一方、FORVIA(旧 Faurecia)については、同業の独Hella の統合を通じて「シート」「内装」「燃費効率システム」の三事業体制を構築したと紹介。2025年第3四半期(7〜9月)の投資家向け説明会では、「地域市場の変動は関税により拡大しているが、営業利益への影響は限定的」だとし、理由として、新たに採用した、関税や輸送コストの変動が発生した際、新規受注価格に即時反映できる仕組みである「Dynamic Pricing Alignment」が奏効したことを挙げたとした。さらに、Olivier DURAND最高財務責任者(CFO) が、欧州・北米・中国の三大市場で同社が生産を高度に現地化し、「ナチュラルヘッジ(自然的ヘッジ)」を形成しているとし、同社のコスト構造はほぼ完全にローカル化されており、関税の影響は管理コストの一部として内在化していると説明したと伝えた。これについてUAnalyzeは、FORVIAの戦略は「制度的吸収型」と呼べるもので、分散化した供給体制と契約メカニズムによって、貿易リスクを分散していると指摘した。

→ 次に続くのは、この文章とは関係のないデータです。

(* Let $X,Y$ be countable discrete metric spaces, $d\in D(X,Y)$, $d'\in D(Y,X)$ with $M_{d\circ d'}(Y,Y)=M_{d^0}(Y,Y)$ and $M_{d'\circ d}(X,X)=M_{d^0}(X,X)$. Then $X$ and $Y$ are almost isometric: there exist almost isometries $f:X\to Y$, $g:Y\to X$ and $C>0$ with $d_X(g(f(x)),x)<C$ and $d_Y(f(g(y)),y)<C$ for all $x\in X$, $y\in Y$.
   Context: $D(X,Y)$: metrics on $X\sqcup Y$ extending $d_X,d_Y$. Composites: $(d'\circ d)(x_1,x_2')=\inf_{y\in Y}(d(x_1,y)+d'(y,x_2'))$ on $X\sqcup X'$ ($X'$ a copy of $X$), similarly $(d\circ d')(y_1,y_2')=\inf_{x\in X}(d'(y_1,x)+d(x,y_2'))$. For such a function $\rho$ on $X\sqcup X'$, $M_\rho(X,X)$ is the norm closure of bounded operators $T$ on $l^2(X)$ for which there is $L$ with $\langle T\delta_{x_1},\delta_{x_2}\rangle=0$ whenever $\rho(x_1,x_2')\ge L$. $d^0(x_1,x_2')=d_X(x_1,x_2)+1$, so $M_{d^0}(X,X)=C^*_u(X)$. An almost isometry $f:X\to Y$ satisfies $d_X(x,x')-C\le d_Y(f(x),f(x'))\le d_X(x,x')+C$ for some $C>0$. *)

theory Defs
  imports "HOL-Analysis.Analysis"
begin

definition metric_fun :: "('c \<Rightarrow> 'c \<Rightarrow> real) \<Rightarrow> bool" where
  "metric_fun d \<longleftrightarrow> (\<forall>x y. d x y = 0 \<longleftrightarrow> x = y) \<and> (\<forall>x y. d x y = d y x)
     \<and> (\<forall>x y z. d x z \<le> d x y + d y z)"

definition D_metrics :: "('a::metric_space + 'b::metric_space \<Rightarrow> 'a + 'b \<Rightarrow> real) set" where
  "D_metrics = {d. metric_fun d \<and> (\<forall>x x'. d (Inl x) (Inl x') = dist x x')
                  \<and> (\<forall>y y'. d (Inr y) (Inr y') = dist y y')}"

さらにLear Corporationについては、世界第2位のシートサプライヤーで、電装システム統合の強みも持つと指摘。25年第3四半期決算で為替・原材料・関税回収(tariff recoveries)を除いた売上高を小幅な減少にとどめたことについて経営陣が、「関税は管理可能なコストであり、通年見通しには影響しない」と強調したと紹介した。また、Jason Cardew CFOが、「当社の価格設計には、関税回収機構が完全に組み込まれており、将来の政策変動による利益率への影響はない」と述べたとし、米国製造の回帰とサプライチェーン再編の流れの中で、Lear がむしろ恩恵を被っており、業界内で最も高いコスト転嫁力を示していると評した。

またLearの強みについては、米国・メキシコ一体型サプライチェーンにあると指摘。輸入依存度が極めて低い他、自動車メーカーとの契約に「四半期ごとの関税回収条項(tariff recovery clause)」を盛り込むことで、関税上昇分を翌四半期の価格に反映できるとした。

レポートは、短期的には関税やコスト変動の影響が残るものの、3社はいずれも中長期的な需要見通しに対して慎重ながらも楽観的な姿勢を示していると指摘。うち、トヨタ紡織について、電動車普及による軽量化・環境対応内装の需要拡大を背景に、米州での「現地開発・現地供給」を加速し、リードタイム短縮と地政学的リスク分散を図るとした。

FORVIAについては、欧州及び中国での電動化率上昇が「スマートコックピット」及び「クリーンモビリティ」技術需要を押し上げる中、同社が水素貯蔵・ゼロエミッション排気システムへの投資を強化し、自動車メーカーとの共同開発を深化すると指摘。同社の経営陣も、車内のデジタル化進展により、1台当たりの車内価値が今後も上昇するとの見方を示していると紹介した。

Learについては、北米市場での電動車・高級シート需要の拡大が中期的な成長につながると同社が判断していると指摘。その上で、同社が自動化及びAI(人工知能)製造技術の導入を進めることで、量産効率と高付加価値の両立を目指すとした。